25. Demosthenes acted more wisely: he secluded himself in a place where no voice could be heard and no prospect contemplated, that his eyes might not oblige his mind to attend to anything else besides his business. As for those who study by lamplight, therefore, let the silence of the night, the closed chamber, and a single light keep them, as it were, wholly in seclusion. 26. But in every kind of study, and especially in such nocturnal application, good health, and that which is the principal means of securing it, regularity of life, are necessary, since we devote the time appointed us by nature for sleep and the recruiting of our strength to the most intense labor. On this labor we must not bestow more time than what is too much for sleep and what will not leave too little for it, 27. for weariness hinders application to writing, and daylight, if we are free from other occupations, is abundantly sufficient for it. Necessity drives men engaged in business to read at night, yet study and burn the midnight oil, when we come to it fresh and vigorous, is the best kind of retirement.

28. But silence and seclusion, and entire freedom of mind, though in the highest degree desirable, cannot always fall to our lot. Therefore, we must not, if any noise disturbs us, immediately throw aside our books and deplore the day as lost, but we must strive against inconveniences and acquire such habits that our application may set all interruptions at defiance. For if we direct our attention, with our whole mental energy, to the work actually before us, nothing at all that strikes our eyes or ears will penetrate into the mind.
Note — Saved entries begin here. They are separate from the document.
definition calg :: "('b::real_vector \<Rightarrow> 'b) \<Rightarrow> ('b \<Rightarrow> 'b \<Rightarrow> 'b) \<Rightarrow> bool" where
  "calg J m \<longleftrightarrow> linear J \<and> (\<forall>x. J (J x) = - x) \<and> ralg UNIV m
     \<and> (\<forall>x y. m (J x) y = J (m x y) \<and> m x (J y) = J (m x y))"

definition cideal :: "('b::real_vector \<Rightarrow> 'b) \<Rightarrow> ('b \<Rightarrow> 'b \<Rightarrow> 'b) \<Rightarrow> 'b set \<Rightarrow> bool" where
  "cideal J m I \<longleftrightarrow> rideal UNIV m I \<and> J ` I \<subseteq> I"

definition csimple :: "('b::real_vector \<Rightarrow> 'b) \<Rightarrow> ('b \<Rightarrow> 'b \<Rightarrow> 'b) \<Rightarrow> bool" where
  "csimple J m \<longleftrightarrow> (\<exists>x y. m x y \<noteq> 0) \<and> (\<forall>I. cideal J m I \<longrightarrow> I = {0} \<or> I = UNIV)"

definition ccentroid :: "('b::real_vector \<Rightarrow> 'b) \<Rightarrow> ('b \<Rightarrow> 'b \<Rightarrow> 'b) \<Rightarrow> ('b \<Rightarrow> 'b) set" where
  "ccentroid J m = {c. linear c \<and> (\<forall>x. c (J x) = J (c x))
     \<and> (\<forall>x y. c (m x y) = m (c x) y \<and> c (m x y) = m x (c y))}"

definition ccentral_simple :: "('b::real_vector \<Rightarrow> 'b) \<Rightarrow> ('b \<Rightarrow> 'b \<Rightarrow> 'b) \<Rightarrow> bool" where
  "ccentral_simple J m \<longleftrightarrow> calg J m \<and> csimple J m
     \<and> (\<forall>c\<in>ccentroid J m. \<exists>a b. c = (\<lambda>x. a *\<^sub>R x + b *\<^sub>R J x))"
lemma card_facet_interval_of_size:
  assumes "A \<subseteq> {1..n}" "x \<in> {1..n}" "x \<notin> A"
  defines "r \<equiv> face_size n (restriction_face n A x)"
  shows "card {G \<in> facet_interval n A x. face_size n G = j}
       = (if r \<le> j then (n - 1 - r) choose (j - r) else 0)"
proof -
  have "finite A"
    using assms(1) finite_subset by blast
  moreover have "card (insert x A) \<le> n"
    using assms(1,2) card_mono[of "{1..n}" "insert x A"] by simp
  ultimately have top: "face_size n (A, insert x A) = n - 1"
    using assms(3) by (simp add: face_size_def)
  have "A \<inter> {x<..n} \<subseteq> A" "A \<subseteq> insert x A" "insert x A \<subseteq> A \<union> {x..n}"
    "A \<union> {x..n} \<subseteq> {1..n}"
    using assms(1,2) by auto
  from card_face_interval_of_size[OF this, of j] show ?thesis
    using top by (simp add: facet_interval_def restriction_face_def r_def)
qed

lemma bier_facetD:
  assumes "proper_ideal n \<Delta>" "(A, x) \<in> bier_facets n \<Delta>"
  shows "A \<in> \<Delta>" "insert x A \<notin> \<Delta>" "A \<subseteq> {1..n}" "x \<in> {1..n}" "x \<notin> A"
  using assms by (auto simp: bier_facets_def proper_ideal_def)

lemma finite_bier_faces: "finite (bier_faces n \<Delta>)"
  by (rule finite_subset[of _ "Pow {1..n} \<times> Pow {1..n}"]) (auto simp: bier_faces_def)

lemma finite_bier_facets:
  assumes "proper_ideal n \<Delta>"
  shows "finite (bier_facets n \<Delta>)"
  by (rule finite_subset[of _ "Pow {1..n} \<times> {1..n}"])
    (use assms in \<open>auto simp: bier_facets_def proper_ideal_def\<close>)

lemma facet_interval_subset_bier_faces:
  assumes "proper_ideal n \<Delta>" "(A, x) \<in> bier_facets n \<Delta>"
  shows "facet_interval n A x \<subseteq> bier_faces n \<Delta>"
proof
  fix G assume "G \<in> facet_interval n A x"
  then obtain B C where G: "G = (B, C)" "B \<subseteq> A" "insert x A \<subseteq> C" "C \<subseteq> A \<union> {x..n}"
    by (auto simp: facet_interval_def face_interval_def restriction_face_def)
  have "B \<in> \<Delta>" "C \<notin> \<Delta>"
    using G(2,3) assms bier_facetD[OF assms] by (auto simp: proper_ideal_def)
  with G bier_facetD[OF assms] show "G \<in> bier_faces n \<Delta>"
    by (auto simp: bier_faces_def)
qed
text \<open>The two densities add up to at least \<open>1\<close> on small balls.\<close>

lemma not_density_zero_cover:
  fixes x :: "'a::euclidean_space"
  assumes "open \<Omega>" "x \<in> \<Omega>" "E1 \<in> sets lebesgue" "E2 \<in> sets lebesgue" "\<Omega> \<subseteq> E1 \<union> E2"
  shows "\<not> (density_zero E1 x \<and> density_zero E2 x)"
proof
  assume "density_zero E1 x \<and> density_zero E2 x"
  then have "((\<lambda>r. ball_density E1 x r + ball_density E2 x r) \<longlongrightarrow> 0 + 0) (at_right 0)"
    unfolding density_zero_def by (intro tendsto_add) auto
  moreover obtain d where d: "d > 0" "ball x d \<subseteq> \<Omega>"
    using assms(1,2) open_contains_ball by blast
  have "eventually (\<lambda>r. 1 \<le> ball_density E1 x r + ball_density E2 x r) (at_right 0)"
    unfolding eventually_at_right_field
  proof (intro exI[of _ d] conjI allI impI)
    fix r :: real assume r: "0 < r" "r < d"
    then have "ball x r \<subseteq> \<Omega>"
      using d subset_ball[of r d x] by simp
    then have "ball x r \<subseteq> (E1 \<inter> ball x r) \<union> (E2 \<inter> ball x r)"
      using assms(5) by auto
    then have "measure lebesgue (ball x r) \<le> measure lebesgue ((E1 \<inter> ball x r) \<union> (E2 \<inter> ball x r))"
      using assms(3,4) by (intro measure_mono_fmeasurable fmeasurable.Un lebesgue_Int_ball_fmeasurable) auto
    also have "\<dots> \<le> measure lebesgue (E1 \<inter> ball x r) + measure lebesgue (E2 \<inter> ball x r)"
      using assms(3,4) by (intro measure_Un_le) auto
    finally show "1 \<le> ball_density E1 x r + ball_density E2 x r"
      using r unfolding ball_density_def
      by (simp add: add_divide_distrib[symmetric] le_divide_eq measure_lebesgue_ball)
  qed (use d in simp)
  ultimately show False
    using tendsto_lowerbound by fastforce
qed
(* Let $K\ge1$, $\Delta_0,B>0$, and for $k=1,\dots,K$ let $m_k\ge0$, $v_k\ge0$. Let $\mathcal{G}\subset\mathbb{R}^K$ be the set of $\mathbf{r}$ for which there exist $\mathbf{p},\mathbf{y}\in\mathbb{R}^K$ and a $2K\times2K$ real matrix $\mathbf{H}=\begin{bmatrix}\mathbf{H}^{xx}&\mathbf{H}^{x\phi}\\(\mathbf{H}^{x\phi})^{\rm T}&\mathbf{H}^{\phi\phi}\end{bmatrix}$ (with $K\times K$ blocks) satisfying, for every $k$: $r_k\ge0$; $r_k\le\Delta_0B\,p_k\log_2(1+y_k/p_k)$; $0\le p_k\le1$; $\sum_kp_k\le1$; $H^{x\phi}_{k,k}=y_k-p_km_k$; $H^{\phi\phi}_{k,k}=v_k$ and $H^{\phi\phi}_{i,j}=0$ for $i\neq j$; $H^{xx}_{k,k}\le p_k-p_k^2$; $\sum_{i,j}H^{xx}_{i,j}\le\sum_ip_i-(\sum_ip_i)^2$; $\mathbf{H}\succeq0$. Then $\mathcal{G}$ is bounded.
   Context: $\mathbf{H}\succeq0$ means $\mathbf{H}$ is positive semidefinite. In the rate constraint the function $p\log_2(1+y/p)$ is understood as its perspective (value $0$ at $p=0$). *)

theory Defs
  imports "HOL-Analysis.Analysis"
begin

definition psd :: "('i::finite \<Rightarrow> 'i \<Rightarrow> real) \<Rightarrow> bool" where
  "psd M \<longleftrightarrow> (\<forall>i j. M i j = M j i) \<and>
     (\<forall>x :: 'i \<Rightarrow> real. 0 \<le> (\<Sum>i\<in>UNIV. \<Sum>j\<in>UNIV. x i * M i j * x j))"

text \<open>The rate constraint r \<le> c * p * log2(1 + y/p), with the left-hand side understood
  as the perspective function: value 0 at p = 0; for p > 0 the logarithm must be
  defined, i.e. 1 + y/p > 0.\<close>
definition rate_ok :: "real \<Rightarrow> real \<Rightarrow> real \<Rightarrow> real \<Rightarrow> bool" where
  "rate_ok c r p y \<longleftrightarrow>
     (if p = 0 then r \<le> 0
      else 0 < 1 + y / p \<and> r \<le> c * (p * log 2 (1 + y / p)))"

definition region_G ::
  "real \<Rightarrow> real \<Rightarrow> real ^ 'k::finite \<Rightarrow> real ^ 'k \<Rightarrow> (real ^ 'k) set" where
  "region_G \<Delta>0 B m v = {r. \<exists>(p :: real ^ 'k) (y :: real ^ 'k)
        (H :: ('k + 'k) \<Rightarrow> ('k + 'k) \<Rightarrow> real).
     (\<forall>k. 0 \<le> r $ k) \<and>
     (\<forall>k. rate_ok (\<Delta>0 * B) (r $ k) (p $ k) (y $ k)) \<and>
     (\<forall>k. 0 \<le> p $ k \<and> p $ k \<le> 1) \<and>
     (\<Sum>k\<in>UNIV. p $ k) \<le> 1 \<and>
     (\<forall>i j. H (Inr i) (Inl j) = H (Inl j) (Inr i)) \<and>
     (\<forall>k. H (Inl k) (Inr k) = y $ k - p $ k * m $ k) \<and>
     (\<forall>k. H (Inr k) (Inr k) = v $ k) \<and>
     (\<forall>i j. i \<noteq> j \<longrightarrow> H (Inr i) (Inr j) = 0) \<and>
     (\<forall>k. H (Inl k) (Inl k) \<le> p $ k - (p $ k)\<^sup>2) \<and>
     (\<Sum>i\<in>UNIV. \<Sum>j\<in>UNIV. H (Inl i) (Inl j))
        \<le> (\<Sum>i\<in>UNIV. p $ i) - (\<Sum>i\<in>UNIV. p $ i)\<^sup>2 \<and>
     psd H}"

end

theory Submission
  imports Defs
begin

text \<open>The \<open>2\<times>2\<close> principal minor of \<open>H\<close> on the coordinates \<open>x\<^sub>k, \<phi>\<^sub>k\<close> is positive
  semidefinite, so the cross entry \<open>y\<^sub>k - p\<^sub>k m\<^sub>k\<close> is at most the mean of the diagonal entries
  \<open>p\<^sub>k - p\<^sub>k\<^sup>2 \<le> 1\<close> and \<open>v\<^sub>k\<close>; this bounds \<open>y\<^sub>k\<close> from above. Since \<open>ln (1 + t) \<le> t\<close>, the
  perspective \<open>p log\<^sub>2 (1 + y/p)\<close> is at most \<open>y / ln 2\<close>, so every rate \<open>r\<^sub>k\<close> lies in a fixed
  interval and the region sits inside a box.\<close>

lemma psd_quadratic_form_diff_units:
  fixes M :: "'i::finite \<Rightarrow> 'i \<Rightarrow> real"
  assumes "a \<noteq> b"
  defines "x \<equiv> \<lambda>i. of_bool (i = a) - of_bool (i = b)"
  shows "(\<Sum>i\<in>UNIV. \<Sum>j\<in>UNIV. x i * M i j * x j) = M a a - M a b - M b a + M b b"
proof -
  have row: "(\<Sum>j\<in>UNIV. x i * M i j * x j) = x i * (M i a - M i b)" for i
  proof -
    have "(\<Sum>j\<in>UNIV. x i * M i j * x j) = x i * (\<Sum>j\<in>UNIV. M i j * x j)"
      by (simp add: sum_distrib_left mult.assoc)
    also have "(\<Sum>j\<in>UNIV. M i j * x j) = M i a - M i b"
      by (simp add: x_def right_diff_distrib sum_subtractf)
    finally show ?thesis .
  qed
  have "(\<Sum>i\<in>UNIV. x i * (M i a - M i b)) = (M a a - M a b) - (M b a - M b b)"
    by (simp add: x_def left_diff_distrib sum_subtractf)
  then show ?thesis
    by (simp add: row)
qed

lemma psd_offdiag_le:
  fixes M :: "'i::finite \<Rightarrow> 'i \<Rightarrow> real"
  assumes "psd M" and "a \<noteq> b"
  shows "2 * M a b \<le> M a a + M b b"
proof -
  have form_nonneg: "0 \<le> (\<Sum>i\<in>UNIV. \<Sum>j\<in>UNIV. x i * M i j * x j)" for x
    using assms(1) unfolding psd_def by blast
  have "0 \<le> M a a - M a b - M b a + M b b"
    using form_nonneg[of "\<lambda>i. of_bool (i = a) - of_bool (i = b)"]
    unfolding psd_quadratic_form_diff_units[OF assms(2)] .
  moreover have "M b a = M a b"
    using assms(1) unfolding psd_def by blast
  ultimately show ?thesis by linarith
qed

lemma perspective_log_le:
  fixes p y :: real
  assumes "0 < p" and "0 < 1 + y / p"
  shows "p * log 2 (1 + y / p) \<le> y / ln 2"
proof -
  have "ln (1 + y / p) \<le> y / p"
    using ln_add_one_self_le_self2[of "y / p"] assms(2) by simp
  then have "p * ln (1 + y / p) \<le> y"
    using assms(1) by (simp add: field_simps)
  then show ?thesis
    by (simp add: log_def divide_right_mono)
qed

lemma rate_ok_le:
  assumes "rate_ok c r p y" and "0 \<le> c" and "0 \<le> p" and "y \<le> Y" and "0 \<le> Y"
  shows "r \<le> c * Y / ln 2"
proof (cases "p = 0")
  case True
  moreover have "0 \<le> c * Y / ln 2"
    using assms(2,5) by simp
  ultimately show ?thesis
    using assms(1) unfolding rate_ok_def by simp
next
  case False
  then have "0 < p" and "0 < 1 + y / p" and r: "r \<le> c * (p * log 2 (1 + y / p))"
    using assms(1,3) unfolding rate_ok_def by auto
  have "p * log 2 (1 + y / p) \<le> y / ln 2"
    by (rule perspective_log_le) fact+
  also have "\<dots> \<le> Y / ln 2"
    using assms(4) by (simp add: divide_right_mono)
  finally have "c * (p * log 2 (1 + y / p)) \<le> c * (Y / ln 2)"
    using assms(2) by (rule mult_left_mono)
  then show ?thesis
    using r by simp
qed

lemma region_G_component_bound:
  fixes r m v :: "real ^ 'k::finite"
  assumes "r \<in> region_G \<Delta>0 B m v" and "0 \<le> \<Delta>0 * B"
    and "0 \<le> m $ k" and "0 \<le> v $ k"
  shows "0 \<le> r $ k \<and> r $ k \<le> \<Delta>0 * B * (m $ k + (1 + v $ k) / 2) / ln 2"
proof -
  obtain p y and H :: "'k + 'k \<Rightarrow> 'k + 'k \<Rightarrow> real" where
    "\<forall>k. 0 \<le> r $ k" and rate: "\<forall>k. rate_ok (\<Delta>0 * B) (r $ k) (p $ k) (y $ k)"
    and p: "\<forall>k. 0 \<le> p $ k \<and> p $ k \<le> 1"
    and cross: "\<forall>k. H (Inl k) (Inr k) = y $ k - p $ k * m $ k"
    and diag_v: "\<forall>k. H (Inr k) (Inr k) = v $ k"
    and diag_p: "\<forall>k. H (Inl k) (Inl k) \<le> p $ k - (p $ k)\<^sup>2"
    and "psd H"
    using assms(1) unfolding region_G_def mem_Collect_eq by (elim exE conjE) blast
  have "2 * H (Inl k) (Inr k) \<le> H (Inl k) (Inl k) + H (Inr k) (Inr k)"
    using \<open>psd H\<close> by (rule psd_offdiag_le) simp
  moreover have p_k: "0 \<le> p $ k" "p $ k \<le> 1"
    using p by auto
  moreover have "p $ k * m $ k \<le> m $ k"
    using p_k assms(3) by (simp add: mult_left_le_one_le)
  moreover have "p $ k - (p $ k)\<^sup>2 \<le> 1"
    using p_k(2) zero_le_power2[of "p $ k"] by linarith
  ultimately have "2 * y $ k \<le> 2 * m $ k + 1 + v $ k"
    using cross[rule_format, of k] diag_v[rule_format, of k] diag_p[rule_format, of k]
    by linarith
  then have "y $ k \<le> m $ k + (1 + v $ k) / 2"
    by (simp add: field_simps)
  moreover have "0 \<le> m $ k + (1 + v $ k) / 2"
    using assms(3,4) by simp
  ultimately have "r $ k \<le> \<Delta>0 * B * (m $ k + (1 + v $ k) / 2) / ln 2"
    by (rule rate_ok_le[OF rate[rule_format] assms(2) p_k(1)])
  then show ?thesis
    using \<open>\<forall>k. 0 \<le> r $ k\<close> by blast
qed

theorem mainTheorem7:
  fixes \<Delta>0 B :: real and m v :: "real ^ 'k::finite"
  assumes "\<Delta>0 > 0" and "B > 0"
    and "\<forall>k. m $ k \<ge> 0" and "\<forall>k. v $ k \<ge> 0"
  shows "bounded (region_G \<Delta>0 B m v)"
proof -
  let ?corner = "\<chi> k. \<Delta>0 * B * (m $ k + (1 + v $ k) / 2) / ln 2"
  have scale: "0 \<le> \<Delta>0 * B"
    using assms(1,2) by simp
  have "region_G \<Delta>0 B m v \<subseteq> cbox 0 ?corner"
  proof
    fix r assume r: "r \<in> region_G \<Delta>0 B m v"
    have "0 \<le> r $ k \<and> r $ k \<le> ?corner $ k" for k
      using region_G_component_bound[OF r scale] assms(3,4) by simp
    then show "r \<in> cbox 0 ?corner"
      by (simp add: mem_box_cart)
  qed
  then show ?thesis
    using bounded_cbox bounded_subset by blast
qed

end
29. Does a casual train of thought often cause us not to see persons in our way and to wander from our road, and shall we not attain the same abstraction if we resolve to do so? We must not yield to excuses for idleness, for if we think that we must not study except when we are fresh, except when we are in good spirits, except when we are free from all other cares, we shall always have some reason for self-indulgence. 30. In the midst of crowds, therefore, on a journey, and even at festive meetings, let thought secure for herself privacy. Else what will be the result, when we shall have, in the midst of the forum, amid the hearing of so many causes, amid wranglings and casual outcries, to speak, perhaps on a sudden, in a continued harangue, if we cannot conceive the memoranda which we enter on our tablets, anywhere but in solitude? For this reason Demosthenes, though so great a lover of seclusion, used to accustom himself, by studying on the seashore, where the breakers dashed with the loudest noise, not to be disconcerted at the uproar of public assemblies.

31. Some lesser matters also (though nothing is little that relates to study) must not be left unnoticed, one of which is that we can write best on waxen tablets from which there is the greatest facility for erasing, unless, perchance, weakness of sight requires the use of papyrus. Though it assists the sight, papyrus causes delay and interrupts the current of thought from the frequent movement of the hand, backwards and forwards, while dipping the pen in the ink. 32. Next we may observe that in using either of these kinds of material, we should take care to leave some pages blank, on which we may have free scope for making any additions (since want of room sometimes causes a reluctance to correct, or, at least, what was written first makes a confused mixture with what is inserted). But I would not have the waxen tablets extravagantly broad, having found a youth, otherwise anxious to excel, make his compositions of too great a length because he used to measure them by the number of lines, a fault which, though it could not be corrected by repeated admonitions, was at last removed by altering the size of his tablets. 33. There should also be a portion of space left vacant on which may be noted down what frequently occurs out of order to persons who are writing, that is, in reference to other subjects than those which we have in hand. For excellent thoughts sometimes start into our minds which we cannot well insert in our pages and which it is not safe to delay noting down, because they sometimes escape us and sometimes, if we are anxious to keep them in memory, divert us from thinking of other things. Hence they will be properly deposited in a place for memoranda.